On 19 August 2015 at 11:11,  <fdmanana@kernel.org> wrote:
> From: Filipe Manana <fdmanana@suse.com>
>
> If we partially clone one extent of a file into a lower offset of the
> file, fsync the file, power fail and then mount the fs to trigger log
> replay, we can get multiple checksum items in the csum tree that overlap
> each other and result in checksum lookup failures later. Those failures
> can make file data read requests assume a checksum value of 0, but they
> will not return an error (-EIO for example) to userspace exactly because
> the expected checksum value 0 is a special value that makes the read bio
> endio callback return success and set all the bytes of the corresponding
> page with the value 0x01 (at fs/btrfs/inode.c:__readpage_endio_check()).

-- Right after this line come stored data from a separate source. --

definition Lmodule_hom ::
  "('k::field \<Rightarrow> 'm::ab_group_add \<Rightarrow> 'm) \<Rightarrow> ('k \<Rightarrow> 'n::ab_group_add \<Rightarrow> 'n)
   \<Rightarrow> 'v set \<Rightarrow> 'h set \<Rightarrow> ('h \<Rightarrow> 'i set) \<Rightarrow> ('h \<Rightarrow> 'j set)
   \<Rightarrow> 'm set \<Rightarrow> ('v \<Rightarrow> 'm \<Rightarrow> 'm) \<Rightarrow> ('h \<Rightarrow> 'i \<Rightarrow> 'j \<Rightarrow> 'm \<Rightarrow> 'm) \<Rightarrow> ('h \<Rightarrow> 'i \<Rightarrow> 'j \<Rightarrow> 'm \<Rightarrow> 'm)
   \<Rightarrow> 'n set \<Rightarrow> ('v \<Rightarrow> 'n \<Rightarrow> 'n) \<Rightarrow> ('h \<Rightarrow> 'i \<Rightarrow> 'j \<Rightarrow> 'n \<Rightarrow> 'n) \<Rightarrow> ('h \<Rightarrow> 'i \<Rightarrow> 'j \<Rightarrow> 'n \<Rightarrow> 'n)
   \<Rightarrow> ('m \<Rightarrow> 'n) \<Rightarrow> bool" where
  "Lmodule_hom sc1 sc2 H0 H1 I J M P A As N Q B Bs f \<longleftrightarrow>
     lin_on sc1 sc2 M N f \<and>
     (\<forall>v\<in>H0. \<forall>m\<in>M. f (P v m) = Q v (f m)) \<and>
     (\<forall>h\<in>H1. \<forall>i\<in>I h. \<forall>j\<in>J h. \<forall>m\<in>M.
        f (A h i j m) = B h i j (f m) \<and> f (As h i j m) = Bs h i j (f m))"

> From a userspace perspective this is equivalent to file corruption
> because we are not returning what was written to the file.
>
> Details about how this can happen, and why, are included inline in the
> following reproducer test case for fstests and the comment added to
> tree-log.c.
>
>   seq=`basename $0`
>   seqres=$RESULT_DIR/$seq
>   echo "QA output created by $seq"
>   tmp=/tmp/$$
>   status=1      # failure is the default!

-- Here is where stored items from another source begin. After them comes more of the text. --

(* With r = p_1 / q, the error |p_i - q r^i| vanishes for i = 0, 1 and, by the identity
   x (z - w) = (y - v) (y + v) + (x z - y^2) - (x - u) w  for a geometric triple u, v, w,
   grows by at most a constant factor per step, so it stays O(q^-lam) up to i = n.
   Hence row k of the matrix is within O(q^-lam) of q r^(c_k) (1, r, ..., r^(m-1)).
   Subtracting multiples of the first row leaves one row of size O(q) and m - 1 rows of
   size O(q^-lam), and the Leibniz expansion gives |d| = O(q^(1 - (m-1) lam)). *)

lemma abs_det_le_fact_mult_power:
  fixes A :: "'a :: linordered_idom mat"
  assumes A: "A \<in> carrier_mat m m" and "m \<ge> 1"
    and row0: "\<And>j. j < m \<Longrightarrow> \<bar>A $$ (0, j)\<bar> \<le> X"
    and rows: "\<And>i j. 0 < i \<Longrightarrow> i < m \<Longrightarrow> j < m \<Longrightarrow> \<bar>A $$ (i, j)\<bar> \<le> Y"
  shows "\<bar>det A\<bar> \<le> fact m * X * Y ^ (m - 1)"
proof -
  let ?P = "{p. p permutes {0..<m}}"
  have X: "X \<ge> 0" using row0[of 0] abs_ge_zero[of "A $$ (0, 0)"] \<open>m \<ge> 1\<close> by force
  have term_bound: "\<bar>signof p * (\<Prod>i = 0..<m. A $$ (i, p i))\<bar> \<le> X * Y ^ (m - 1)"
    if "p permutes {0..<m}" for p
  proof -
    have p: "i < m \<Longrightarrow> p i < m" for i using permutes_in_image[OF that] by auto
    have "\<bar>signof p * (\<Prod>i = 0..<m. A $$ (i, p i))\<bar>
        = \<bar>A $$ (0, p 0)\<bar> * (\<Prod>i = 1..<m. \<bar>A $$ (i, p i)\<bar>)"
      using \<open>m \<ge> 1\<close> by (simp add: abs_mult abs_prod sign_def prod.atLeast_Suc_lessThan)
    also have "\<dots> \<le> X * (\<Prod>i = 1..<m. Y)"
      using row0 rows p \<open>m \<ge> 1\<close> X
      by (intro mult_mono prod_mono) (auto intro: prod_nonneg)
    finally show ?thesis by simp
  qed
  have "\<bar>det A\<bar> \<le> (\<Sum>p\<in>?P. \<bar>signof p * (\<Prod>i = 0..<m. A $$ (i, p i))\<bar>)"
    unfolding det_def'[OF A] by (rule sum_abs)
  also have "\<dots> \<le> (\<Sum>p\<in>?P. X * Y ^ (m - 1))"
    using term_bound by (intro sum_mono) auto
  also have "\<dots> = fact m * X * Y ^ (m - 1)"
    using card_permutations[of "{0..<m}" m] by (simp add: of_nat_fact)
  finally show ?thesis .
qed

lemma det_subtract_multiples_of_row0:
  fixes A :: "'a :: comm_ring_1 mat" and s :: "nat \<Rightarrow> 'a"
  assumes A: "A \<in> carrier_mat m m"
  shows "det (mat m m (\<lambda>(i, j). if i = 0 then A $$ (0, j) else A $$ (i, j) - s i * A $$ (0, j)))
       = det A"
proof -
  define L where "L = mat m m (\<lambda>(i, j). if i = j then 1 else if j = 0 then - s i else (0::'a))"
  have L: "L \<in> carrier_mat m m" unfolding L_def by simp
  have "(L * A) $$ (i, j) = (if i = 0 then A $$ (0, j) else A $$ (i, j) - s i * A $$ (0, j))"
    if "i < m" "j < m" for i j
  proof -
    have "(L * A) $$ (i, j) = (\<Sum>l = 0..<m. (if i = l then 1 else if l = 0 then - s i else 0) * A $$ (l, j))"
      using that A unfolding L_def by (simp add: scalar_prod_def)
    also have "\<dots> = (\<Sum>l = 0..<m. (if l = i then A $$ (l, j) else 0)
                      + (if l = 0 \<and> i \<noteq> 0 then - s i * A $$ (0, j) else 0))"
      by (rule sum.cong) auto
    also have "\<dots> = (if i = 0 then A $$ (0, j) else A $$ (i, j) - s i * A $$ (0, j))"
      using that by (simp add: sum.distrib)
    finally show ?thesis .
  qed
  then have "L * A = mat m m (\<lambda>(i, j). if i = 0 then A $$ (0, j) else A $$ (i, j) - s i * A $$ (0, j))"
    using A L by (intro eq_matI) auto
  moreover have "det L = 1"
  proof -
    have "det L = prod_list (diag_mat L)"
      by (rule det_lower_triangular[OF _ L]) (auto simp: L_def)
    also have "diag_mat L = replicate m 1" unfolding diag_mat_def L_def by (simp add: list_eq_iff_nth_eq)
    finally show ?thesis by simp
  qed
  ultimately show ?thesis using det_mult[OF L A] by simp
qed

lemma abs_det_near_rank_one:
  fixes A :: "'a :: linordered_field mat"
  assumes A: "A \<in> carrier_mat m m" and "m \<ge> 1"
    and near: "\<And>i j. i < m \<Longrightarrow> j < m \<Longrightarrow> \<bar>A $$ (i, j) - s i * v j\<bar> \<le> D"
    and row0: "\<And>j. j < m \<Longrightarrow> \<bar>A $$ (0, j)\<bar> \<le> X"
    and "s 0 \<noteq> 0" and ratio: "\<And>i. i < m \<Longrightarrow> \<bar>s i / s 0\<bar> \<le> R"
  shows "\<bar>det A\<bar> \<le> fact m * X * ((1 + R) * D) ^ (m - 1)"
proof -
  define B where "B = mat m m (\<lambda>(i, j).
    if i = 0 then A $$ (0, j) else A $$ (i, j) - s i / s 0 * A $$ (0, j))"
  have "\<bar>B $$ (i, j)\<bar> \<le> (1 + R) * D" if "0 < i" "i < m" "j < m" for i j
  proof -
    have "B $$ (i, j) = (A $$ (i, j) - s i * v j) - s i / s 0 * (A $$ (0, j) - s 0 * v j)"
      using that \<open>s 0 \<noteq> 0\<close> unfolding B_def by (simp add: algebra_simps)
    also have "\<bar>\<dots>\<bar> \<le> \<bar>A $$ (i, j) - s i * v j\<bar> + \<bar>s i / s 0\<bar> * \<bar>A $$ (0, j) - s 0 * v j\<bar>"
      by (metis abs_mult abs_triangle_ineq4)
    also have "\<dots> \<le> D + R * D"
      using near[OF \<open>i < m\<close> \<open>j < m\<close>] near[of 0 j] ratio[OF \<open>i < m\<close>] that
      by (intro add_mono mult_mono') auto
    finally show ?thesis by (simp add: algebra_simps)
  qed
  then have "\<bar>det B\<bar> \<le> fact m * X * ((1 + R) * D) ^ (m - 1)"
    using \<open>m \<ge> 1\<close> row0 by (intro abs_det_le_fact_mult_power) (auto simp: B_def)
  moreover have "det B = det A"
    unfolding B_def by (rule det_subtract_multiples_of_row0[OF A])
  ultimately show ?thesis by simp
qed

>   trap "_cleanup; exit \$status" 0 1 2 3 15
>
>   _cleanup()
>   {
>       _cleanup_flakey
>       rm -f $tmp.*
>   }
>
>   # get standard environment, filters and checks
>   . ./common/rc
>   . ./common/filter
>   . ./common/dmflakey
>
>   # real QA test starts here
>   _need_to_be_root
>   _supported_fs btrfs
>   _supported_os Linux
>   _require_scratch
>   _require_dm_flakey
>   _require_cloner
>   _require_metadata_journaling $SCRATCH_DEV
>
>   rm -f $seqres.full
>
>   _scratch_mkfs >>$seqres.full 2>&1
>   _init_flakey
>   _mount_flakey
>
>   # Create our test file with a single 100K extent starting at file
>   # offset 800K. We fsync the file here to make the fsync log tree gets
>   # a single csum item that covers the whole 100K extent, which causes
>   # the second fsync, done after the cloning operation below, to not
>   # leave in the log tree two csum items covering two sub-ranges
>   # ([0, 20K[ and [20K, 100K[)) of our extent.
>   $XFS_IO_PROG -f -c "pwrite -S 0xaa 800K 100K"  \
>                   -c "fsync"                     \
>                    $SCRATCH_MNT/foo | _filter_xfs_io
>
>   # Now clone part of our extent into file offset 400K. This adds a file
>   # extent item to our inode's metadata that points to the 100K extent
>   # we created before, using a data offset of 20K and a data length of
>   # 20K, so that it refers to the sub-range [20K, 40K[ of our original
>   # extent.
>   $CLONER_PROG -s $((800 * 1024 + 20 * 1024)) -d $((400 * 1024)) \
>       -l $((20 * 1024)) $SCRATCH_MNT/foo $SCRATCH_MNT/foo
>
>   # Now fsync our file to make sure the extent cloning is durably
>   # persisted. This fsync will not add a second csum item to the log
>   # tree containing the checksums for the blocks in the sub-range
>   # [20K, 40K[ of our extent, because there was already a csum item in
>   # the log tree covering the whole extent, added by the first fsync
>   # we did before.
>   $XFS_IO_PROG -c "fsync" $SCRATCH_MNT/foo
>
>   echo "File digest before power failure:"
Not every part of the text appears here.